Now whilst it isn’t common, some clients will arrive with a present and offer it at the end of the session.  Whilst they are paying a fee, some people will still feel a degree of debt.  So this isn’t the same as people who offer a gift at the beginning – it creates a mutual degree of appreciation and for many will help balance things out. At workshops, it isn’t uncommon for people to arrive with biscuits or cake to add to the refreshments table.  This is a good thing and, I’d just like to add, homemade fruitcake is my favourite.

Thus the client who arrives offering the gift puts me in a position of gratitude to them before we have even started.  It’s an interesting dynamic and from experience isn’t a good one.  It is difficult to maintain an attitude of gratitude and act in a therapeutic manner at the same time.  Gifts offered at the beginning of a session tend to act as a Trojan horse.  Be aware.

This has only happened once in the past two years, and the individual who did so went on to make numerous late night phone calls, abusive text messages, threats against property and unpleasant emails and Facebook messages.
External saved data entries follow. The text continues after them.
(* For every $n\in\mathbb N$: (1) $\varphi(L_n)$ is a finite semilattice; (2) $\varphi(L_n\sqcup C_2)$ is a commutative Boolean semigroup isomorphic to the reduced product $\varphi(L_{n+1})\times_{\varphi(L_n)}\varphi(C_2)$.
   Context: An upfamily on $X$ is a family of nonempty subsets closed under supersets; $\varphi(X)$ is the set of filters on $X$ (upfamilies closed under finite intersections), with operation $\mathcal A*\mathcal B=\big\langle \bigcup_{a\in A} a*B_a : A\in\mathcal A,\ \{B_a\}_{a\in A}\subset\mathcal B\big\rangle$, where $\langle\mathcal C\rangle=\{A\subset X:\exists C\in\mathcal C,\ C\subset A\}$. $C_2=\{1,-1\}$ under multiplication; $L_n=\{0,\dots,n-1\}$ with operation $\min$, so $L_n\subset L_{n+1}$, and $\varphi(L_n)$ is identified with the set of filters on $L_{n+1}$ containing $L_n$, which is an ideal of $\varphi(L_{n+1})$. For semigroups $(X,* )$, $(Y,\star)$, the disjoint ordered union $X\sqcup Y$ is the disjoint union with operation $x\circ y=x*y$ for $x,y\in X$; $x\circ y=x$ if $x\in X,y\in Y$; $x\circ y=y$ if $x\in Y,y\in X$; $x\circ y=x\star y$ for $x,y\in Y$. A semigroup is Boolean if $x^3=x$ for all $x$. For semigroups $X,Y$ and an ideal $I$ of $X$ (nonempty $I$ with $XI\cup IX\subset I$), the reduced product $X\times_I Y$ is the set $I\cup((X\setminus I)\times Y)$ with operation $a*b=p_X(a)p_X(b)$ if $p_X(a)p_X(b)\in I$ and $a*b=(p_X(a)p_X(b),\,p_Y(a)p_Y(b))$ otherwise, where $p_X:X\times_IY\to X$ is the natural projection (identity on $I$) and $p_Y:(X\setminus I)\times Y\to Y$ is the projection. *)

theory Defs
  imports Main
begin

definition semigroup_on :: "'a set \<Rightarrow> ('a \<Rightarrow> 'a \<Rightarrow> 'a) \<Rightarrow> bool" where
  "semigroup_on S m \<longleftrightarrow> (\<forall>x\<in>S. \<forall>y\<in>S. m x y \<in> S) \<and>
     (\<forall>x\<in>S. \<forall>y\<in>S. \<forall>z\<in>S. m (m x y) z = m x (m y z))"

definition commutative_on :: "'a set \<Rightarrow> ('a \<Rightarrow> 'a \<Rightarrow> 'a) \<Rightarrow> bool" where
  "commutative_on S m \<longleftrightarrow> (\<forall>x\<in>S. \<forall>y\<in>S. m x y = m y x)"

definition semilattice_on :: "'a set \<Rightarrow> ('a \<Rightarrow> 'a \<Rightarrow> 'a) \<Rightarrow> bool" where
  "semilattice_on S m \<longleftrightarrow> semigroup_on S m \<and> commutative_on S m \<and> (\<forall>x\<in>S. m x x = x)"

definition boolean_on :: "'a set \<Rightarrow> ('a \<Rightarrow> 'a \<Rightarrow> 'a) \<Rightarrow> bool" where
  "boolean_on S m \<longleftrightarrow> (\<forall>x\<in>S. m x (m x x) = x)"

definition semigroup_iso :: "'a set \<Rightarrow> ('a \<Rightarrow> 'a \<Rightarrow> 'a) \<Rightarrow> 'b set \<Rightarrow> ('b \<Rightarrow> 'b \<Rightarrow> 'b) \<Rightarrow> bool" where
  "semigroup_iso S m T m' \<longleftrightarrow>
     (\<exists>h. bij_betw h S T \<and> (\<forall>x\<in>S. \<forall>y\<in>S. h (m x y) = m' (h x) (h y)))"

definition filters :: "'a set \<Rightarrow> 'a set set set" where
  "filters X = {F. F \<noteq> {} \<and> (\<forall>A\<in>F. A \<noteq> {} \<and> A \<subseteq> X) \<and>
      (\<forall>A\<in>F. \<forall>B. A \<subseteq> B \<and> B \<subseteq> X \<longrightarrow> B \<in> F) \<and>
      (\<forall>A\<in>F. \<forall>B\<in>F. A \<inter> B \<in> F)}"

definition fmul :: "'a set \<Rightarrow> ('a \<Rightarrow> 'a \<Rightarrow> 'a) \<Rightarrow> 'a set set \<Rightarrow> 'a set set \<Rightarrow> 'a set set" where
  "fmul X f \<A> \<B> = {S. S \<subseteq> X \<and> (\<exists>A\<in>\<A>. \<exists>Bf. (\<forall>a\<in>A. Bf a \<in> \<B>) \<and>
        (\<Union>a\<in>A. (\<lambda>b. f a b) ` Bf a) \<subseteq> S)}"

text \<open>L_n = {0,...,n-1} with min; C_2 = {1,-1} with multiplication.\<close>
definition Ln :: "nat \<Rightarrow> nat set" where "Ln n = {0..<n}"
definition C2 :: "int set" where "C2 = {1, -1}"

definition dou_carrier :: "'a set \<Rightarrow> 'b set \<Rightarrow> ('a + 'b) set" where
  "dou_carrier X Y = Inl ` X \<union> Inr ` Y"

fun dou_mul :: "('a \<Rightarrow> 'a \<Rightarrow> 'a) \<Rightarrow> ('b \<Rightarrow> 'b \<Rightarrow> 'b) \<Rightarrow> ('a + 'b) \<Rightarrow> ('a + 'b) \<Rightarrow> ('a + 'b)" where
  "dou_mul f g (Inl x) (Inl y) = Inl (f x y)"
| "dou_mul f g (Inl x) (Inr y) = Inl x"
| "dou_mul f g (Inr x) (Inl y) = Inl y"
| "dou_mul f g (Inr x) (Inr y) = Inr (g x y)"

text \<open>Reduced product X \<times>_I Y: elements of I are tagged Inl, pairs in (X - I) \<times> Y tagged Inr.\<close>
definition rp_carrier :: "'a set \<Rightarrow> 'a set \<Rightarrow> 'b set \<Rightarrow> ('a + ('a \<times> 'b)) set" where
  "rp_carrier X I Y = Inl ` I \<union> Inr ` ((X - I) \<times> Y)"

fun rp_pX :: "('a + ('a \<times> 'b)) \<Rightarrow> 'a" where
  "rp_pX (Inl a) = a"
| "rp_pX (Inr p) = fst p"

definition rp_mul :: "'a set \<Rightarrow> ('a \<Rightarrow> 'a \<Rightarrow> 'a) \<Rightarrow> ('b \<Rightarrow> 'b \<Rightarrow> 'b)
     \<Rightarrow> ('a + ('a \<times> 'b)) \<Rightarrow> ('a + ('a \<times> 'b)) \<Rightarrow> ('a + ('a \<times> 'b))" where
  "rp_mul I f g a b =
     (let c = f (rp_pX a) (rp_pX b) in
      if c \<in> I then Inl c
      else (case (a, b) of (Inr p, Inr q) \<Rightarrow> Inr (c, g (snd p) (snd q)) | _ \<Rightarrow> Inl c))"

end

theory Submission
  imports Defs
begin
My advice to anyone on the receiving end of such action is to respond only once asking what the problem is.  This gives the person an opportunity to properly record what their grievance is.  For some people there is no reason, they just enjoy being aggrieved – it’s their thing - and so are unable to tell you exactly why they behave in this way.  

Cease all further communication and simply record in hard copy where possible all evidence of the abuse.  I keep impeccable records of such actions.

Therapists tell me that they worry about being sued by such individuals – maybe as a therapist they did or said something wrong during the session to provoke such a reaction.  Well, it would make for an interesting court case, don’t you think?

“You see, it is like this your Honour, I didn’t like what the therapist said to me, so yes, I threatened him, send abusive messages, harangued and generally acted like an asshole for the past 6 months.  Now, I want you to award me some compensation.”  

The other predictor is whether the person accepts the offer of “tea or coffee?” when they arrive.  I’ll save this for another blog entry, but basically, at the first offering the person receives, they reject it.  It tends to set the precedent for how the session will go subsequently.

Time is pressing.  The sun is shining and I have a busy day off ahead of me so will add more later.